Evert Koops

Personal information
- Full name: Evert Koops
- Nickname: Eddy
- Nationality: Dutch
- Born: January 2, 1885 Arnhem, Netherlands
- Died: November 10, 1938 (aged 53) Arnhem, Netherlands

Sport
- Country: Netherlands
- Sport: Athletics
- Events: 100 metres, 200 metres, 400 metre hurdles, standing long jump, medley relay

Achievements and titles
- Olympic finals: 1908 Summer Olympics

= Evert Koops =

Dutch athlete (1885–1938)

Evert "Eddy" Koops (2 January 1885 – 10 November 1938) was a Dutch athlete. He competed at the 1908 Summer Olympics in London.
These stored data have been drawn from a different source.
(* Fix $x\in\mathcal{X}$ and $\alpha\in(0,1)$. Suppose Assumption A1 holds and $P_{\theta\sim\mathbb{P}^N}(H(x;\theta)=v_\alpha(x))=0$. Then $$\frac1n\sum_{i=1}^n\Big|\mathbb{1}_{\{\hat H^m(x;\theta_i)\ge\hat v^{n,m}_\alpha(x)\}}-\mathbb{1}_{\{H(x;\theta_i)\ge v_\alpha(x)\}}\Big|\to0\quad\text{with probability }1\text{ as } n,m\to\infty.$$
   Context: Setting. $\mathcal{X}\subset\mathbb{R}$ is a nonempty compact set of decisions. $\{\mathbb{P}_\theta\}_{\theta\in\Theta}$ is a parametric family of distributions of a random vector $\xi$, and $\mathbb{P}^N$ is a fixed (posterior) probability distribution on $\Theta$. $h:\mathcal{X}\times\mathbb{R}^{d_2}\to\mathbb{R}$, and $H(x;\theta) := \mathbb{E}_{\xi\sim\mathbb{P}_\theta}[h(x,\xi)]$, viewed as a random variable induced by $\theta\sim\mathbb{P}^N$. $\mathbb{E}_\theta$ denotes expectation over $\theta\sim\mathbb{P}^N$, $\mathbb{E}_{\mathbb{P}_\theta}$ expectation over $\xi\sim\mathbb{P}_\theta$, and $\mathbb{E}_{\theta,\mathbb{P}_\theta}[\cdot]:=\mathbb{E}_\theta[\mathbb{E}_{\mathbb{P}_\theta}[\cdot]]$. $\xi(\theta)$ denotes a sample from $\mathbb{P}_\theta$. Sampling and estimators. Draw $\theta_1,\dots,\theta_n$ i.i.d. from $\mathbb{P}^N$ and, for each $i$, $\xi_1(\theta_i),\dots,\xi_m(\theta_i)$ i.i.d. from $\mathbb{P}_{\theta_i}$ (conditionally independent across $i$). Set $\hat H^m(x;\theta):=\frac1m\sum_{j=1}^m h(x,\xi_j(\theta))$. Let $\hat\theta^m_{(1)},\dots,\hat\theta^m_{(n)}$ be a reordering of $\theta_1,\dots,\theta_n$ with $\hat H^m(x;\hat\theta^m_{(1)})\le\dots\le\hat H^m(x;\hat\theta^m_{(n)})$, and $\hat v^{n,m}_\alpha(x):=\hat H^m(x;\hat\theta^m_{(\lceil\alpha n\rceil)})$. $v_\alpha(x):=\inf\{t:P_{\theta\sim\mathbb{P}^N}(H(x;\theta)\le t)\ge\alpha\}$. Let $\mathcal{E}(x,\xi(\theta)) := h(x,\xi(\theta))-H(x;\theta)$ and $\bar{\mathcal{E}}^m(x;\theta):=\sqrt m\cdot\frac1m\sum_{j=1}^m\mathcal{E}(x,\xi_j(\theta))$. A1. (i) For all $x\in\mathcal{X}$, $\tau_\theta^2:=\mathbb{E}_{\mathbb{P}_\theta}[h(x,\xi)^2]<\infty$ for $\mathbb{P}^N$-a.e. $\theta$ and $\tau^2:=\mathbb{E}_{\theta,\mathbb{P}_\theta}[h(x,\xi)^2]<\infty$. (ii) For each $m$ and all $x\in\mathcal{X}$, the joint density $p_m(h,e)$ of $(H(x;\theta),\bar{\mathcal{E}}^m(x;\theta))$ and its partial derivatives $\partial_h p_m$, $\partial_h^2 p_m$ exist for all $(h,e)$. (iii) For all $x\in\mathcal{X}$ there are nonnegative functions $g_{0,m},g_{1,m},g_{2,m}$ with $p_m(h,e)\le g_{0,m}(e)$, $|\partial_h p_m(h,e)|\le g_{1,m}(e)$, $|\partial_h^2p_m(h,e)|\le g_{2,m}(e)$ for all $(h,e)$, and $\sup_m\int|e|^r g_{i,m}(e)\,de<\infty$ for $i=0,1,2$ and $0\le r\le4$. *)

theory Defs
  imports "HOL-Probability.Probability"
begin

definition Hval :: "('p \<Rightarrow> 'e measure) \<Rightarrow> (real \<Rightarrow> 'e \<Rightarrow> real) \<Rightarrow> real \<Rightarrow> 'p \<Rightarrow> real" where
  "Hval P h x \<theta> = (\<integral>\<xi>. h x \<xi> \<partial>(P \<theta>))"

definition Hhat :: "(real \<Rightarrow> 'e \<Rightarrow> real) \<Rightarrow> real \<Rightarrow> nat \<Rightarrow> (nat \<Rightarrow> 'e) \<Rightarrow> real" where
  "Hhat h x m xs = (\<Sum>j<m. h x (xs j)) / real m"

definition quantile :: "'p measure \<Rightarrow> ('p \<Rightarrow> real) \<Rightarrow> real \<Rightarrow> real" where
  "quantile Q f \<alpha> = Inf {t. measure Q {\<theta> \<in> space Q. f \<theta> \<le> t} \<ge> \<alpha>}"

definition order_stat :: "nat \<Rightarrow> (nat \<Rightarrow> real) \<Rightarrow> nat \<Rightarrow> real" where
  "order_stat n a k = sort (map a [0..<n]) ! (k - 1)"

text \<open>Law of one block (theta_i, (xi_j(theta_i))_j): theta ~ PN, then xi_j iid ~ P theta.\<close>
definition block_law :: "'p measure \<Rightarrow> ('p \<Rightarrow> 'e::euclidean_space measure) \<Rightarrow> ('p \<times> (nat \<Rightarrow> 'e)) measure" where
  "block_law PN P = PN \<bind> (\<lambda>\<theta>. distr (PiM UNIV (\<lambda>_::nat. P \<theta>))
        (PN \<Otimes>\<^sub>M PiM UNIV (\<lambda>_::nat. (borel :: 'e measure))) (\<lambda>s. (\<theta>, s)))"

definition sampling_space :: "'p measure \<Rightarrow> ('p \<Rightarrow> 'e::euclidean_space measure) \<Rightarrow> (nat \<Rightarrow> 'p \<times> (nat \<Rightarrow> 'e)) measure" where
  "sampling_space PN P = PiM UNIV (\<lambda>_::nat. block_law PN P)"

definition vhat :: "(real \<Rightarrow> 'e \<Rightarrow> real) \<Rightarrow> real \<Rightarrow> real \<Rightarrow> nat \<Rightarrow> nat \<Rightarrow> (nat \<Rightarrow> 'p \<times> (nat \<Rightarrow> 'e)) \<Rightarrow> real" where
  "vhat h x \<alpha> n m \<omega> = order_stat n (\<lambda>i. Hhat h x m (snd (\<omega> i))) (nat \<lceil>\<alpha> * real n\<rceil>)"

text \<open>Law of (H(x;theta), bar E^m(x;theta)) with theta ~ PN and xi_1..xi_m iid ~ P theta.\<close>
definition err_law :: "'p measure \<Rightarrow> ('p \<Rightarrow> 'e::euclidean_space measure) \<Rightarrow> (real \<Rightarrow> 'e \<Rightarrow> real) \<Rightarrow> real \<Rightarrow> nat \<Rightarrow> (real \<times> real) measure" where
  "err_law PN P h x m = PN \<bind> (\<lambda>\<theta>. distr (PiM {..<m} (\<lambda>_. P \<theta>)) borel
      (\<lambda>s. (Hval P h x \<theta>, sqrt (real m) * ((\<Sum>j<m. (h x (s j) - Hval P h x \<theta>)) / real m))))"

definition A1 :: "real set \<Rightarrow> 'p measure \<Rightarrow> ('p \<Rightarrow> 'e::euclidean_space measure) \<Rightarrow> (real \<Rightarrow> 'e \<Rightarrow> real) \<Rightarrow> bool" where
  "A1 X PN P h \<longleftrightarrow>
    (\<forall>x\<in>X.
      (AE \<theta> in PN. (\<integral>\<^sup>+\<xi>. ennreal ((h x \<xi>)\<^sup>2) \<partial>(P \<theta>)) < \<infinity>) \<and>
      (\<integral>\<^sup>+\<theta>. (\<integral>\<^sup>+\<xi>. ennreal ((h x \<xi>)\<^sup>2) \<partial>(P \<theta>)) \<partial>PN) < \<infinity>) \<and>
    (\<forall>x\<in>X. \<exists>(p :: nat \<Rightarrow> real \<Rightarrow> real \<Rightarrow> real) p1 p2 (g0 :: nat \<Rightarrow> real \<Rightarrow> real) g1 g2.
      (\<forall>m\<ge>1.
         err_law PN P h x m = density lborel (\<lambda>z. ennreal (p m (fst z) (snd z))) \<and>
         (\<forall>hh e. p m hh e \<ge> 0) \<and>
         (\<forall>hh e. ((\<lambda>t. p m t e) has_real_derivative p1 m hh e) (at hh)) \<and>
         (\<forall>hh e. ((\<lambda>t. p1 m t e) has_real_derivative p2 m hh e) (at hh)) \<and>
         (\<forall>e. g0 m e \<ge> 0 \<and> g1 m e \<ge> 0 \<and> g2 m e \<ge> 0) \<and>
         (\<forall>hh e. p m hh e \<le> g0 m e \<and> \<bar>p1 m hh e\<bar> \<le> g1 m e \<and> \<bar>p2 m hh e\<bar> \<le> g2 m e)) \<and>
      (\<forall>r::real. 0 \<le> r \<and> r \<le> 4 \<longrightarrow>
         (\<Squnion>m\<in>{1..}. \<integral>\<^sup>+e. ennreal (\<bar>e\<bar> powr r * g0 m e) \<partial>lborel) < \<infinity> \<and>
         (\<Squnion>m\<in>{1..}. \<integral>\<^sup>+e. ennreal (\<bar>e\<bar> powr r * g1 m e) \<partial>lborel) < \<infinity> \<and>
         (\<Squnion>m\<in>{1..}. \<integral>\<^sup>+e. ennreal (\<bar>e\<bar> powr r * g2 m e) \<partial>lborel) < \<infinity>))"

end

theory Submission
  imports Defs "HOL-Library.Discrete_Functions"
begin

text \<open>
  Within one block the sample means \<open>Hhat h x m\<close> converge to \<open>H(x;\<theta>)\<close> by the strong law of
  large numbers, so for every \<open>\<delta> > 0\<close> the fraction of blocks whose sample mean is still more
  than \<open>\<delta>\<close> away from its limit for some \<open>m \<ge> M\<close> tends to a quantity that vanishes as
  \<open>M \<rightarrow> \<infinity>\<close>.  Between blocks the strong law gives the empirical frequencies of
  \<open>{H \<ge> v\<^sub>\<alpha>}\<close>, \<open>{H \<ge> v\<^sub>\<alpha> - \<delta>}\<close> and of the strip \<open>{v\<^sub>\<alpha> - 3\<delta> < H < v\<^sub>\<alpha>}\<close>.
  The order statistic \<open>vhat\<close> cannot fall below \<open>v\<^sub>\<alpha> - 2\<delta>\<close>, since then too many sample
  means would exceed it; once it lies above, a misclassified block either has a sample mean
  far from \<open>H\<close>, or has \<open>H\<close> in the strip, or lies in \<open>{H \<ge> v\<^sub>\<alpha>}\<close>, whose frequency
  exceeds that of \<open>{Hhat \<ge> vhat}\<close> by little because \<open>v\<^sub>\<alpha>\<close> carries no atom.
  The strong law itself is proved for square-integrable variables along the subsequence of
  squares (Chebyshev and Borel--Cantelli), followed by monotone interpolation.
\<close>

definition empirical_freq :: "nat \<Rightarrow> (nat \<Rightarrow> bool) \<Rightarrow> real" where
  "empirical_freq n A = (\<Sum>i<n. of_bool (A i)) / real n"

lemma empirical_freq_nonneg: "0 \<le> empirical_freq n A"
  by (simp add: empirical_freq_def sum_nonneg)

lemma abs_of_bool_diff: "\<bar>of_bool A - of_bool B\<bar> = (of_bool (A \<noteq> B) :: real)"
  by (cases A; cases B) simp_all

subsection \<open>Independent identically distributed sequences\<close>

lemma product_prob_space_iid:
  assumes "prob_space Q"
  shows "product_prob_space (\<lambda>_::nat. Q)"
  using assms
  by (simp add: product_prob_space_def product_sigma_finite_def prob_space_imp_sigma_finite
      product_prob_space_axioms_def)

lemma indep_vars_PiM_coordinates:
  assumes Q: "prob_space Q"
  shows "prob_space.indep_vars (PiM UNIV (\<lambda>_::nat. Q)) (\<lambda>_. Q) (\<lambda>k s. s k) UNIV"
proof -
  interpret product_prob_space "\<lambda>_::nat. Q" UNIV
    using product_prob_space_iid[OF Q] by (simp add: product_prob_space_def)
  show ?thesis
  proof (subst indep_vars_iff_distr_eq_PiM)
    have restr: "(\<lambda>x::nat\<Rightarrow>_. restrict x UNIV) = (\<lambda>x. x)"
      by (auto simp: restrict_def)
    have marg: "(\<lambda>i::nat. distr (PiM UNIV (\<lambda>_. Q)) Q (\<lambda>x. x i)) = (\<lambda>_. Q)"
      by (rule ext, rule PiM_component) simp
    show "distr (PiM UNIV (\<lambda>_. Q)) (PiM UNIV (\<lambda>_. Q)) (\<lambda>x. \<lambda>i\<in>UNIV. x i)
        = PiM UNIV (\<lambda>i::nat. distr (PiM UNIV (\<lambda>_. Q)) Q (\<lambda>x. x i))"
      unfolding restr marg by (simp add: distr_id2)
  qed auto
qed

lemma
  fixes f :: "'a \<Rightarrow> real"
  assumes Q: "prob_space Q" and f[measurable]: "f \<in> borel_measurable Q"
  shows integrable_PiM_coordinate_iff:
      "integrable (PiM UNIV (\<lambda>_::nat. Q)) (\<lambda>s. f (s j)) \<longleftrightarrow> integrable Q f"
    and integral_PiM_coordinate:
      "(\<integral>s. f (s j) \<partial>PiM UNIV (\<lambda>_::nat. Q)) = (\<integral>x. f x \<partial>Q)"
proof -
  interpret product_prob_space "\<lambda>_::nat. Q" UNIV
    using product_prob_space_iid[OF Q] by (simp add: product_prob_space_def)
  have marg: "distr (PiM UNIV (\<lambda>_::nat. Q)) Q (\<lambda>s. s j) = Q"
    by (rule PiM_component) simp
  show "integrable (PiM UNIV (\<lambda>_::nat. Q)) (\<lambda>s. f (s j)) \<longleftrightarrow> integrable Q f"
    using integrable_distr_eq[of "\<lambda>s. s j" "PiM UNIV (\<lambda>_::nat. Q)" Q f] marg by simp
  show "(\<integral>s. f (s j) \<partial>PiM UNIV (\<lambda>_::nat. Q)) = (\<integral>x. f x \<partial>Q)"
    using integral_distr[of "\<lambda>s. s j" "PiM UNIV (\<lambda>_::nat. Q)" Q f] marg by simp
qed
He was born and died in Arnhem.

In the 100 metres, Koops placed fourth of four in his first round heat, eliminating him from the competition. The next day, he did the same in his preliminary heat of the Men's 200 metres. He was eliminated in the semi-finals in the 400 metre hurdles competition. He also participated in the standing long jump event, but his result is unknown.

He was also a member of the Dutch relay team, which was eliminated in the first round of the medley contest.

==Sources==
- Cook, Theodore Andrea (1908). "The Fourth Olympiad, Being the Official Report"
- De Wael, Herman (2001). "Athletics 1908"
- Wudarski, Pawel (1999). "Wyniki Igrzysk Olimpijskich"
- Heere, A. and Kappenburg, B. (2000) 1870 – 2000, 130 jaar atletiek in Nederland. Groenevelt b.v.